(* Let $\mathbb{X}=\ell_\infty^3$ and let $\mathbb{Y}$ be a two-dimensional strictly convex, smooth Banach space. Let $x_1=(1,1,1)$, $x_2=(-1,1,1)$, $x_3=(-1,-1,1)$, $x_4=(1,-1,1)$. Let $T\in\mathbb{L}(\mathbb{X},\mathbb{Y})$ with $\|T\|=1$ and $M_T\cap\operatorname{Ext}(B_{\mathbb{X}})=\{\pm x_1,\pm x_2,\pm x_3,\pm x_4\}$. Then: (i) if $\operatorname{Rank}(T)=1$, then $T$ is $3$-smooth; (ii) if $\operatorname{Rank}(T)=2$, then $T$ is $4$-smooth.
   Context: $\mathbb{L}(\mathbb{X},\mathbb{Y})$ is the space of linear operators with the operator norm. $B_{\mathbb{X}}$ is the closed unit ball, $\operatorname{Ext}$ its set of extreme points, $M_T=\{x\in\mathbb{X}:\|x\|=1,\ \|Tx\|=\|T\|\}$. A Banach space is strictly convex if its unit sphere contains no nontrivial line segment, and smooth if every unit vector has a unique norm-one supporting functional. For a Banach space $\mathbb{Z}$ and a unit vector $z$, $J(z)=\{f\in \mathbb{Z}^*:\|f\|=1,\ f(z)=1\}$; $z$ is $k$-smooth if $\dim\operatorname{span} J(z)=k$ ($T$ considered in the unit sphere of $\mathbb{L}(\mathbb{X},\mathbb{Y})$). *)

theory Defs
  imports "HOL-Analysis.Analysis"
begin

datatype linf3 = L3 real real real

fun c1 :: "linf3 \<Rightarrow> real" where "c1 (L3 a b c) = a"
fun c2 :: "linf3 \<Rightarrow> real" where "c2 (L3 a b c) = b"
fun c3 :: "linf3 \<Rightarrow> real" where "c3 (L3 a b c) = c"

lemma linf3_eq_iff: "x = y \<longleftrightarrow> c1 x = c1 y \<and> c2 x = c2 y \<and> c3 x = c3 y"
  by (cases x; cases y) auto

instantiation linf3 :: real_normed_vector
begin

definition "0 = L3 0 0 0"
definition "x + y = L3 (c1 x + c1 y) (c2 x + c2 y) (c3 x + c3 y)"
definition "x - y = L3 (c1 x - c1 y) (c2 x - c2 y) (c3 x - c3 y)"
definition "- x = L3 (- c1 x) (- c2 x) (- c3 x)"
definition "scaleR r x = L3 (r * c1 x) (r * c2 x) (r * c3 x)"
definition norm_linf3_def: "norm x = max \<bar>c1 x\<bar> (max \<bar>c2 x\<bar> \<bar>c3 x\<bar>)"
definition "sgn (x::linf3) = scaleR (inverse (norm x)) x"
definition "dist (x::linf3) y = norm (x - y)"
definition "uniformity = (INF e\<in>{0 <..}. principal {(x::linf3, y). dist x y < e})"
definition "open (U::linf3 set) \<longleftrightarrow>
   (\<forall>x\<in>U. \<forall>\<^sub>F (x', y) in uniformity. x' = x \<longrightarrow> y \<in> U)"

lemma linf3_sel[simp]:
  "c1 0 = 0" "c2 0 = 0" "c3 0 = 0"
  "c1 (x + y) = c1 x + c1 y" "c2 (x + y) = c2 x + c2 y" "c3 (x + y) = c3 x + c3 y"
  "c1 (x - y) = c1 x - c1 y" "c2 (x - y) = c2 x - c2 y" "c3 (x - y) = c3 x - c3 y"
  "c1 (- x) = - c1 x" "c2 (- x) = - c2 x" "c3 (- x) = - c3 x"
  "c1 (scaleR r x) = r * c1 x" "c2 (scaleR r x) = r * c2 x" "c3 (scaleR r x) = r * c3 x"
  by (simp_all add: zero_linf3_def plus_linf3_def minus_linf3_def uminus_linf3_def
      scaleR_linf3_def)

instance
proof
  fix x y z :: linf3 and a b :: real
  show "x + y + z = x + (y + z)" by (simp add: linf3_eq_iff)
  show "x + y = y + x" by (simp add: linf3_eq_iff)
  show "0 + x = x" by (simp add: linf3_eq_iff)
  show "- x + x = 0" by (simp add: linf3_eq_iff)
  show "x - y = x + - y" by (simp add: linf3_eq_iff)
  show "a *\<^sub>R (x + y) = a *\<^sub>R x + a *\<^sub>R y" by (simp add: linf3_eq_iff algebra_simps)
  show "(a + b) *\<^sub>R x = a *\<^sub>R x + b *\<^sub>R x" by (simp add: linf3_eq_iff algebra_simps)
  show "a *\<^sub>R b *\<^sub>R x = (a * b) *\<^sub>R x" by (simp add: linf3_eq_iff)
  show "1 *\<^sub>R x = x" by (simp add: linf3_eq_iff)
  show "dist x y = norm (x - y)" by (simp add: dist_linf3_def)
  show "sgn x = inverse (norm x) *\<^sub>R x" by (simp add: sgn_linf3_def)
  show "norm x = 0 \<longleftrightarrow> x = 0"
    by (simp add: norm_linf3_def linf3_eq_iff max_def) auto
  show "norm (x + y) \<le> norm x + norm y"
  proof -
    have "\<bar>c1 x + c1 y\<bar> \<le> norm x + norm y" "\<bar>c2 x + c2 y\<bar> \<le> norm x + norm y"
      "\<bar>c3 x + c3 y\<bar> \<le> norm x + norm y"
      unfolding norm_linf3_def by (simp_all add: abs_triangle_ineq add_mono max.coboundedI1
          max.coboundedI2 order_trans[OF abs_triangle_ineq])
    then show ?thesis by (simp add: norm_linf3_def)
  qed
  show "norm (a *\<^sub>R x) = \<bar>a\<bar> * norm x"
    by (simp add: norm_linf3_def abs_mult max_mult_distrib_left)
  show "uniformity = (INF e\<in>{0 <..}. principal {(x::linf3, y). dist x y < e})"
    by (simp add: uniformity_linf3_def)
  fix U :: "linf3 set"
  show "open U \<longleftrightarrow> (\<forall>x\<in>U. \<forall>\<^sub>F (x', y) in uniformity. x' = x \<longrightarrow> y \<in> U)"
    by (simp add: open_linf3_def)
qed

end

definition ball_X :: "linf3 set" where "ball_X = {x. norm x \<le> 1}"

definition Ext :: "'a::real_normed_vector set \<Rightarrow> 'a set" where
  "Ext B = {x. x extreme_point_of B}"

definition M :: "('a::real_normed_vector \<Rightarrow>\<^sub>L 'b::real_normed_vector) \<Rightarrow> 'a set" where
  "M T = {x. norm x = 1 \<and> norm (blinfun_apply T x) = norm T}"

definition J :: "'a::real_normed_vector \<Rightarrow> ('a \<Rightarrow>\<^sub>L real) set" where
  "J z = {f. norm f = 1 \<and> blinfun_apply f z = 1}"

definition k_smooth :: "'a::real_normed_vector \<Rightarrow> nat \<Rightarrow> bool" where
  "k_smooth z k \<longleftrightarrow> norm z = 1 \<and> real_vector.dim (real_vector.span (J z)) = k"

definition strictly_convex_space :: "'a::real_normed_vector itself \<Rightarrow> bool" where
  "strictly_convex_space _ \<longleftrightarrow>
     \<not> (\<exists>x y :: 'a. x \<noteq> y \<and> closed_segment x y \<subseteq> sphere 0 1)"

definition smooth_space :: "'a::real_normed_vector itself \<Rightarrow> bool" where
  "smooth_space _ \<longleftrightarrow> (\<forall>z :: 'a. norm z = 1 \<longrightarrow> (\<exists>!f. f \<in> J z))"

definition rank :: "('a::real_normed_vector \<Rightarrow>\<^sub>L 'b::real_normed_vector) \<Rightarrow> nat" where
  "rank T = real_vector.dim (range (blinfun_apply T))"

end

theory Submission
  imports Defs
begin

(* Write x_1, ..., x_4 for the vertices, y_i = T x_i (unit vectors, as x_i is in M_T) and g_i
   for the unique supporting functional at y_i. Each G_i = g_i (x) x_i, i.e. S |-> g_i (S x_i),
   lies in J(T). Conversely, if f is in J(T) and every G_i vanishes at S, then f(S) = 0:
   otherwise smoothness gives ||y_i + t S x_i|| < 1 + t f(S) for all four i and small t > 0, and
   since an operator on l_infinity^3 attains its norm at a vertex of the cube,
   ||T + t S|| < f(T + t S). Hence span J(T) = span {G_1, ..., G_4}.
   Evaluating sum_i c_i G_i = 0 at rank-one operators gives c_i g_i = (-1)^i phi for a single
   phi. If all y_i are parallel (so rank T <= 1), then g_i = +-g_1 and x_4 = x_1 - x_2 + x_3
   make G_4 redundant, while G_1, G_2, G_3 stay independent. Otherwise (so rank T >= 2) strict
   convexity, under which a functional supports at most one unit vector, forces phi = 0, and
   all four G_i are independent. *)

lemma card_le_dim_if_independent:
  fixes A V :: "'a::real_vector set"
  assumes A: "independent A" "A \<subseteq> V" and V: "dim V \<noteq> 0"
  shows "finite A \<and> card A \<le> dim V"
proof -
  obtain B where B: "B \<subseteq> V" "independent B" "V \<subseteq> span B" "card B = dim V"
    by (rule real_vector.basis_exists)
  have "finite B"
    using B(4) V card.infinite by force
  moreover have "A \<subseteq> span B"
    using A(2) B(3) by blast
  ultimately show ?thesis
    using real_vector.independent_span_bound[of B A] A(1) B(4) by simp
qed

lemma dim_span_image_eq_card:
  fixes G :: "'i \<Rightarrow> 'a::real_vector"
  assumes fin: "finite I"
    and indep: "\<And>lam. (\<Sum>i\<in>I. lam i *\<^sub>R G i) = 0 \<Longrightarrow> \<forall>i\<in>I. lam i = 0"
  shows "dim (span (G ` I)) = card I"
proof -
  have inj: "inj_on G I"
  proof (rule inj_onI, rule ccontr)
    fix i j assume ij: "i \<in> I" "j \<in> I" "G i = G j" "i \<noteq> j"
    define lam where "lam k = (if k = i then 1 else if k = j then -1 else 0 :: real)" for k
    have "(\<Sum>k\<in>I. lam k *\<^sub>R G k) = (\<Sum>k\<in>{i, j}. lam k *\<^sub>R G k)"
      using fin ij by (intro sum.mono_neutral_right) (auto simp: lam_def)
    also have "\<dots> = 0"
      using ij by (simp add: lam_def)
    finally have "lam i = 0"
      using indep ij(1) by blast
    then show False
      by (simp add: lam_def)
  qed
  have "independent (G ` I)"
  proof (rule real_vector.independent_if_scalars_zero)
    show "finite (G ` I)"
      using fin by simp
    fix f v assume "(\<Sum>x\<in>G ` I. f x *\<^sub>R x) = 0" "v \<in> G ` I"
    then show "f v = 0"
      using indep[of "f \<circ> G"] by (auto simp: sum.reindex[OF inj])
  qed
  then show ?thesis
    by (simp add: real_vector.dim_eq_card_independent card_image[OF inj])
qed

lemma blinfun_in_span_if_kernels_subset:
  fixes f :: "'a::real_normed_vector \<Rightarrow>\<^sub>L real" and A :: "('a \<Rightarrow>\<^sub>L real) set"
  assumes "finite A" and "\<And>S. \<forall>G\<in>A. G S = 0 \<Longrightarrow> f S = 0"
  shows "f \<in> span A"
  using assms
proof (induction A arbitrary: f rule: finite_induct)
  case empty
  then have "f = 0"
    by (intro blinfun_eqI) simp
  then show ?case
    by (simp add: real_vector.span_zero)
next
  case (insert G A)
  show ?case
  proof (cases "\<forall>S. (\<forall>G'\<in>A. G' S = 0) \<longrightarrow> G S = 0")
    case True
    then have "f \<in> span A"
      using insert.prems by (intro insert.IH) auto
    then show ?thesis
      using real_vector.span_mono[of A "insert G A"] by auto
  next
    case False
    then obtain S0 where S0: "\<forall>G'\<in>A. G' S0 = 0" "G S0 \<noteq> 0"
      by auto
    \<comment> \<open>Subtracting the right multiple of \<open>G\<close> reduces to the kernels of \<open>A\<close> alone.\<close>
    define f' where "f' = f - (f S0 / G S0) *\<^sub>R G"
    have "f' \<in> span A"
    proof (rule insert.IH)
      fix S assume SA: "\<forall>G'\<in>A. G' S = 0"
      have "\<forall>G'\<in>insert G A. G' (S - (G S / G S0) *\<^sub>R S0) = 0"
        using SA S0 by (auto simp: blinfun.diff_right blinfun.scaleR_right)
      then have "f (S - (G S / G S0) *\<^sub>R S0) = 0"
        using insert.prems by blast
      then show "f' S = 0"
        using S0 by (simp add: f'_def blinfun.diff_left blinfun.scaleR_left blinfun.diff_right
            blinfun.scaleR_right field_simps)
    qed
    then have "f' \<in> span (insert G A)"
      using real_vector.span_mono[of A "insert G A"] by auto
    moreover have "G \<in> span (insert G A)"
      by (simp add: real_vector.span_base)
    ultimately have "f' + (f S0 / G S0) *\<^sub>R G \<in> span (insert G A)"
      by (intro real_vector.span_add real_vector.span_scale)
    then show ?thesis
      by (simp add: f'_def)
  qed
qed

lemma convex_on_norm_line:
  fixes y z :: "'a::real_normed_vector"
  assumes "convex A"
  shows "convex_on A (\<lambda>s. norm (y + s *\<^sub>R z))"
proof (rule convex_onI)
  fix t s s' :: real assume t: "0 < t" "t < 1"
  have "y + ((1 - t) *\<^sub>R s + t *\<^sub>R s') *\<^sub>R z = (1 - t) *\<^sub>R (y + s *\<^sub>R z) + t *\<^sub>R (y + s' *\<^sub>R z)"
    by (simp add: algebra_simps)
  also have "norm \<dots> \<le> (1 - t) * norm (y + s *\<^sub>R z) + t * norm (y + s' *\<^sub>R z)"
    using t by (intro order_trans[OF norm_triangle_ineq]) simp
  finally show "norm (y + ((1 - t) *\<^sub>R s + t *\<^sub>R s') *\<^sub>R z)
      \<le> (1 - t) * norm (y + s *\<^sub>R z) + t * norm (y + s' *\<^sub>R z)" .
qed (rule assms)

lemma norm_line_le_max:
  fixes u w :: "'a::real_normed_vector"
  assumes "\<bar>s\<bar> \<le> 1"
  shows "norm (u + s *\<^sub>R w) \<le> max (norm (u - w)) (norm (u + w))"
proof -
  have "s \<in> {-1..1}"
    using assms by auto
  then show ?thesis
    using convex_on_le_max[OF convex_on_norm_line[of "{-1..1}" u w], of s] by simp
qed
* * * * * * * * *
_EXERCISE AIM:_
Copy every line of the material above in which the word "sphere" appears.

_OUTPUT OF THE EXERCISE:_
   Context: $\mathbb{L}(\mathbb{X},\mathbb{Y})$ is the space of linear operators with the operator norm. $B_{\mathbb{X}}$ is the closed unit ball, $\operatorname{Ext}$ its set of extreme points, $M_T=\{x\in\mathbb{X}:\|x\|=1,\ \|Tx\|=\|T\|\}$. A Banach space is strictly convex if its unit sphere contains no nontrivial line segment, and smooth if every unit vector has a unique norm-one supporting functional. For a Banach space $\mathbb{Z}$ and a unit vector $z$, $J(z)=\{f\in \mathbb{Z}^*:\|f\|=1,\ f(z)=1\}$; $z$ is $k$-smooth if $\dim\operatorname{span} J(z)=k$ ($T$ considered in the unit sphere of $\mathbb{L}(\mathbb{X},\mathbb{Y})$). *)
     \<not> (\<exists>x y :: 'a. x \<noteq> y \<and> closed_segment x y \<subseteq> sphere 0 1)"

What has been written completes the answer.